lemma mk_terms_head_values:
  assumes "j < length H"
  shows "map (\<lambda>n. head_values \<alpha> H ! (n - k)) (snd (mk_terms k (head_sig H) ! j)) = map \<alpha> (snd (H ! j))"
  using assms
proof (induct H arbitrary: k j)
  case (Cons h H)
  obtain g ys where h: "h = (g, ys)"
    by fastforce
  show ?case
  proof (cases j)
    case 0
    then show ?thesis
      using h by (auto intro!: nth_equalityI simp: nth_append)
  next
    case (Suc j')
    have j': "j' < length H"
      using Cons.prems Suc by simp
    have "mk_terms (k + length ys) (head_sig H) ! j' \<in> set (mk_terms (k + length ys) (head_sig H))"
      using j' by (simp add: length_mk_terms)
    from mk_terms_vars[OF this]
    have "\<forall>n \<in> set (snd (mk_terms (k + length ys) (head_sig H) ! j')). k + length ys \<le> n"
      by auto
    then have "map (\<lambda>n. head_values \<alpha> (h # H) ! (n - k)) (snd (mk_terms k (head_sig (h # H)) ! j)) =
        map (\<lambda>n. head_values \<alpha> H ! (n - (k + length ys))) (snd (mk_terms (k + length ys) (head_sig H) ! j'))"
      using h Suc by (intro map_cong) (auto simp: nth_append)
    then show ?thesis
      using Cons.hyps[OF j'] Suc by simp
  qed
qed simp

lemma wmap_simps:
  "m_pred (wmap s) = fst s" "m_head (wmap s) = mk_terms 0 (snd s)" "m_view (wmap s) = s"
  "m_args (wmap s) = [0..<sum_list (map snd (snd s))]"
  by (simp_all add: wmap_def)

lemma msig_simps: "fst (msig m) = m_pred m" "snd (msig m) = head_sig (m_head m)"
  by (simp_all add: msig_def)

lemma wf_mapping_wmap: "wf_mapping (wmap s)"
  unfolding wf_mapping_def wmap_simps using mk_terms_vars[where k = 0] by fastforce

lemma wf_mapping_wrap: "\<forall>m \<in> wrap M. wf_mapping m"
  unfolding wrap_def using wf_mapping_wmap by blast

lemma matches_body_wrap_iff: "matches_body q (map (\<lambda>m. wmap (msig m)) ms) \<longleftrightarrow> matches_body q ms"
  unfolding matches_body_def by (simp add: wmap_simps msig_simps length_mk_terms)

lemma wmap_head_term:
  assumes "map \<beta>' (m_args (wmap (msig m))) = head_values \<beta> (m_head m)" "j < length (m_head m)"
  shows "fst (m_head (wmap (msig m)) ! j) = fst (m_head m ! j)"
    "map \<beta>' (snd (m_head (wmap (msig m)) ! j)) = map \<beta> (snd (m_head m ! j))"
proof -
  show "fst (m_head (wmap (msig m)) ! j) = fst (m_head m ! j)"
    using arg_cong[OF map_fst_mk_terms, of "\<lambda>xs. xs ! j" 0 "head_sig (m_head m)"] assms(2)
    by (simp add: wmap_simps msig_simps case_prod_beta length_mk_terms)
  have args: "map \<beta>' [0..<length (head_values \<beta> (m_head m))] = head_values \<beta> (m_head m)"
    using assms(1) unfolding wmap_simps(4) msig_simps(2) length_head_values .
  have \<beta>': "\<beta>' n = head_values \<beta> (m_head m) ! n" if "n < length (head_values \<beta> (m_head m))" for n
    using that arg_cong[OF args, of "\<lambda>xs. xs ! n"] by simp
  have "mk_terms 0 (head_sig (m_head m)) ! j \<in> set (mk_terms 0 (head_sig (m_head m)))"
    using assms(2) by (simp add: length_mk_terms)
  from mk_terms_vars[OF this]
  have "set (snd (mk_terms 0 (head_sig (m_head m)) ! j)) \<subseteq> {0..<length (head_values \<beta> (m_head m))}"
    unfolding length_head_values by simp
  then have "map \<beta>' (snd (m_head (wmap (msig m)) ! j)) =
      map (\<lambda>n. head_values \<beta> (m_head m) ! (n - 0)) (snd (mk_terms 0 (head_sig (m_head m)) ! j))"
    by (auto simp: \<beta>' wmap_simps msig_simps)
  also have "\<dots> = map \<beta> (snd (m_head m ! j))"
    by (rule mk_terms_head_values[OF assms(2)])
  finally show "map \<beta>' (snd (m_head (wmap (msig m)) ! j)) = map \<beta> (snd (m_head m ! j))" .
qed
(* Let $I(\gamma)$ be the ideal of $S^G$ generated by $\{P_\iota:\iota\in U_\#(\gamma)\}$. Then the closed subvariety $\mathcal{V}(I(\gamma))$ of $V/G$ defined by $I(\gamma)$ equals the fixed-point set $(V/G)^\gamma$.
   Context: Let $K$ be an algebraically closed field of characteristic $0$, $V$ an $r$-dimensional $K$-vector space and $G\subset\mathrm{GL}(V)$ a finite group generated by (pseudo)reflections. Let $S$ be the graded algebra of polynomial functions on $V$, with $\mathrm{GL}(V)$ acting by $(gf)(v)=f(g^{-1}v)$; $V/G$ is the quotient variety, with coordinate ring $S^G$, on which $\gamma$ acts. Fix a semisimple $\gamma\in\mathrm{GL}(V)$ normalising $G$. There is a set $\{P_\iota:\iota\in\mathcal{B}(\gamma)\}$ of $r$ homogeneous algebraically independent generators of $S^G$ (basic invariants), indexed by a finite set $\mathcal{B}(\gamma)$, with $\gamma(P_\iota)=\varepsilon_\iota P_\iota$ for scalars $\varepsilon_\iota\in K^\times$; let $U_\#(\gamma)=\{\iota\in\mathcal{B}(\gamma):\varepsilon_\iota\neq 1\}$. *)

theory Defs
  imports "HOL-Analysis.Analysis" "HOL-Computational_Algebra.Polynomial"
begin

text \<open>Polynomial functions in the coordinates indexed by a set A
  (as functions on coordinate vectors). Over an infinite field these are
  the same as polynomials.\<close>
inductive_set polys :: "'i set \<Rightarrow> (('i \<Rightarrow> 'k::comm_ring_1) \<Rightarrow> 'k) set" for A where
  const: "(\<lambda>x. c) \<in> polys A"
| coord: "i \<in> A \<Longrightarrow> (\<lambda>x. x i) \<in> polys A"
| add: "p \<in> polys A \<Longrightarrow> q \<in> polys A \<Longrightarrow> (\<lambda>x. p x + q x) \<in> polys A"
| mult: "p \<in> polys A \<Longrightarrow> q \<in> polys A \<Longrightarrow> (\<lambda>x. p x * q x) \<in> polys A"

definition polyfuns :: "('k::comm_ring_1^'n \<Rightarrow> 'k) set" where
  "polyfuns = {(\<lambda>v. Q (vec_nth v)) | Q. Q \<in> polys UNIV}"

definition homogeneous :: "('k::comm_ring_1^'n \<Rightarrow> 'k) \<Rightarrow> nat \<Rightarrow> bool" where
  "homogeneous f d \<longleftrightarrow> f \<in> polyfuns \<and> (\<forall>t v. f (t *s v) = t ^ d * f v)"

definition act :: "'k::field^'n^'n \<Rightarrow> ('k^'n \<Rightarrow> 'k) \<Rightarrow> ('k^'n \<Rightarrow> 'k)" where
  "act g f = (\<lambda>v. f (matrix_inv g *v v))"

definition invariants :: "('k::field^'n^'n) set \<Rightarrow> ('k^'n \<Rightarrow> 'k) set" where
  "invariants G = {f \<in> polyfuns. \<forall>g\<in>G. act g f = f}"

definition pseudoreflection :: "'k::field^'n^'n \<Rightarrow> bool" where
  "pseudoreflection g \<longleftrightarrow> invertible g \<and> g \<noteq> mat 1 \<and> rank (g - mat 1) = 1"

inductive_set group_gen :: "('k::field^'n^'n) set \<Rightarrow> ('k^'n^'n) set" for R where
  one: "mat 1 \<in> group_gen R"
| mul: "r \<in> R \<Longrightarrow> x \<in> group_gen R \<Longrightarrow> r ** x \<in> group_gen R"
| mul_inv: "r \<in> R \<Longrightarrow> x \<in> group_gen R \<Longrightarrow> matrix_inv r ** x \<in> group_gen R"

definition finite_reflection_group :: "('k::field^'n^'n) set \<Rightarrow> bool" where
  "finite_reflection_group G \<longleftrightarrow> finite G \<and> (\<forall>g\<in>G. invertible g) \<and> mat 1 \<in> G
     \<and> (\<forall>g\<in>G. \<forall>h\<in>G. g ** h \<in> G) \<and> (\<forall>g\<in>G. matrix_inv g \<in> G)
     \<and> G = group_gen {g\<in>G. pseudoreflection g}"

definition semisimple :: "'k::field^'n^'n \<Rightarrow> bool" where
  "semisimple g \<longleftrightarrow> (\<exists>P::'k^'n^'n. invertible P \<and>
     (\<forall>i j. i \<noteq> j \<longrightarrow> (P ** g ** matrix_inv P) $ i $ j = 0))"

▬▬▬

*Work required*
Starting at the line above that contains "for R where", write out each line exactly until the line that contains "matrix_inv g \<in> G)" has been written, and stop there.

*Answer area*
inductive_set group_gen :: "('k::field^'n^'n) set \<Rightarrow> ('k^'n^'n) set" for R where
  one: "mat 1 \<in> group_gen R"
| mul: "r \<in> R \<Longrightarrow> x \<in> group_gen R \<Longrightarrow> r ** x \<in> group_gen R"
| mul_inv: "r \<in> R \<Longrightarrow> x \<in> group_gen R \<Longrightarrow> matrix_inv r ** x \<in> group_gen R"

definition finite_reflection_group :: "('k::field^'n^'n) set \<Rightarrow> bool" where
  "finite_reflection_group G \<longleftrightarrow> finite G \<and> (\<forall>g\<in>G. invertible g) \<and> mat 1 \<in> G
     \<and> (\<forall>g\<in>G. \<forall>h\<in>G. g ** h \<in> G) \<and> (\<forall>g\<in>G. matrix_inv g \<in> G)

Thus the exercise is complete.